Where this tinge of disappointment had come from was a complete mystery to him. He was only trying to thank her for reuniting him with his phone, nothing more. Ethan chalked it up to having his morning shaken up. “If I tell him that, he’ll hold you to it. He’ll expect you to come for breakfast sometime soon,” Ethan added when she made no comment.

Like she believed that.

Kansas knew she should just let the matter drop, but it annoyed her that this walking stud of a detective thought she was naive enough to believe him.
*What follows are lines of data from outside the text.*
text \<open>The distance bound forces card (t \<inter> W) \<ge> card t / 2 \<ge> card t - 1.\<close>

lemma diff_subset_of_weight_3:
  assumes t: "t \<in> S" "e \<in> t" and W: "W \<in> S" "card W = 3" "e \<notin> W"
  shows "t - {e} \<subseteq> W"
proof -
  have ft: "finite t" using finite_vertex[OF t(1)] .
  have sub: "t \<inter> W \<subseteq> t - {e}" using W(3) by auto
  have "card (t - {e}) = card t - 1" using ft t(2) by simp
  also have "\<dots> \<le> card (t \<inter> W)"
    using card_add_le[OF t(1) W(1)] card_le_3[OF t(1)] W(2) by presburger
  finally have "t \<inter> W = t - {e}" using card_seteq[OF _ sub] ft by blast
  then show ?thesis by blast
qed

lemma vertices_within_triangle:
  assumes x: "{a, b} \<in> S" and Y: "{i, b, c} \<in> S" and Z: "{i, a, c} \<in> S"
    and distinct: "distinct [i, a, b, c]" and t: "t \<in> S"
  shows "t \<subseteq> {i, a, b, c}"
proof (rule ccontr)
  assume "\<not> t \<subseteq> {i, a, b, c}"
  then obtain e where e: "e \<in> t" "e \<notin> {i, a, b, c}" by blast
  have "t - {e} \<subseteq> {i, b, c} \<inter> {i, a, c}"
    using diff_subset_of_weight_3[OF t e(1) Y] diff_subset_of_weight_3[OF t e(1) Z] e distinct
    by auto
  then have "t \<inter> {a, b} \<subseteq> {}" using e distinct by auto
  then have "card t + card {a, b} \<le> 3 + 2 * card ({} :: nat set)"
    by (rule card_add_le_of_Int_subset[OF t x]) simp
  then have "card t \<le> 1" using distinct by simp
  moreover have "card t \<noteq> 0" using e(1) finite_vertex[OF t] by auto
  ultimately have "card t = 1" by linarith
  then show False using card_one_vertex[OF t] e by auto
qed

lemma i_mem_vertex:
  assumes n: "n \<ge> 5" and cover: "covers_all_places n S"
    and x: "x \<in> S" "x \<noteq> {}"
  shows "i \<in> x"
proof (rule ccontr)
  assume ix: "i \<notin> x"
  have "card x \<le> 2"
    using card_add_le_of_Int_subset[OF singleton_i_mem x(1), of "{}"] ix by auto
  moreover have "card x \<noteq> 1" using card_one_vertex[OF x(1)] ix by auto
  moreover have "card x \<noteq> 0" using finite_vertex[OF x(1)] x(2) by simp
  ultimately have "card x = 2" by linarith
  then obtain a b where ab: "x = {a, b}" "a \<noteq> b" by (meson card_2_iff)
  have ia: "a \<noteq> i" "b \<noteq> i" using ix ab by auto
  obtain c where Y: "{i, b, c} \<in> S" "c \<notin> {i, a, b}"
    using pair_completion ab x(1) ia by blast
  obtain d where Z: "{i, a, d} \<in> S" "d \<notin> {i, b, a}"
    using pair_completion[of b a] ab x(1) ia by (auto simp: insert_commute)
  have "c = d"
  proof (rule ccontr)
    assume "c \<noteq> d"
    then have "{i, b, c} \<inter> {i, a, d} \<subseteq> {i}" using Y Z ab by auto
    from card_add_le_of_Int_subset[OF Y(1) Z(1) this] have "card {i, b, c} + card {i, a, d} \<le> 5"
      by simp
    moreover have "card {i, b, c} = 3" "card {i, a, d} = 3" using Y Z ab ia by auto
    ultimately show False by simp
  qed
  have distinct: "distinct [i, a, b, c]" using Y(2) ab ia by auto
  have "\<not> {1..n} \<subseteq> {i, a, b, c}"
  proof
    assume "{1..n} \<subseteq> {i, a, b, c}"
    then have "card {1..n} \<le> card {i, a, b, c}" by (intro card_mono) auto
    then show False using n distinct by simp
  qed
  then obtain e where e: "e \<in> {1..n}" "e \<notin> {i, a, b, c}" by blast
  obtain t where t: "t \<in> S" "e \<in> t" using cover e(1) unfolding covers_all_places_def by blast
  have "t \<subseteq> {i, a, b, c}"
    using vertices_within_triangle[OF x(1)[unfolded ab] Y(1) Z(1)[folded \<open>c = d\<close>] distinct t(1)] .
  then show False using t e by blast
qed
She deliberately pointed out the obvious.

“Your uncle has no idea who I am.” And it was mutual, since she had no idea who this “Uncle Andrew” and his so-called legend were.

“Uncle Andrew’s the former chief of police,” O’Brien informed her. “He makes a point of knowing who everyone is when it comes to the police and fire departments.”

This was something she was going to look into, if for no other reason than to be prepared in case she ever bumped into Detective Stud again.

“I consider myself duly warned,” she replied. “Now, unless you want me falling asleep on your doorstep, I’m going to have to go.”

Maybe not the doorstep, Ethan thought, but he certainly wouldn’t mind finding her—awake or asleep—in his bed. He had a hunch, though, that she wouldn’t exactly appreciate him vocalizing that right now.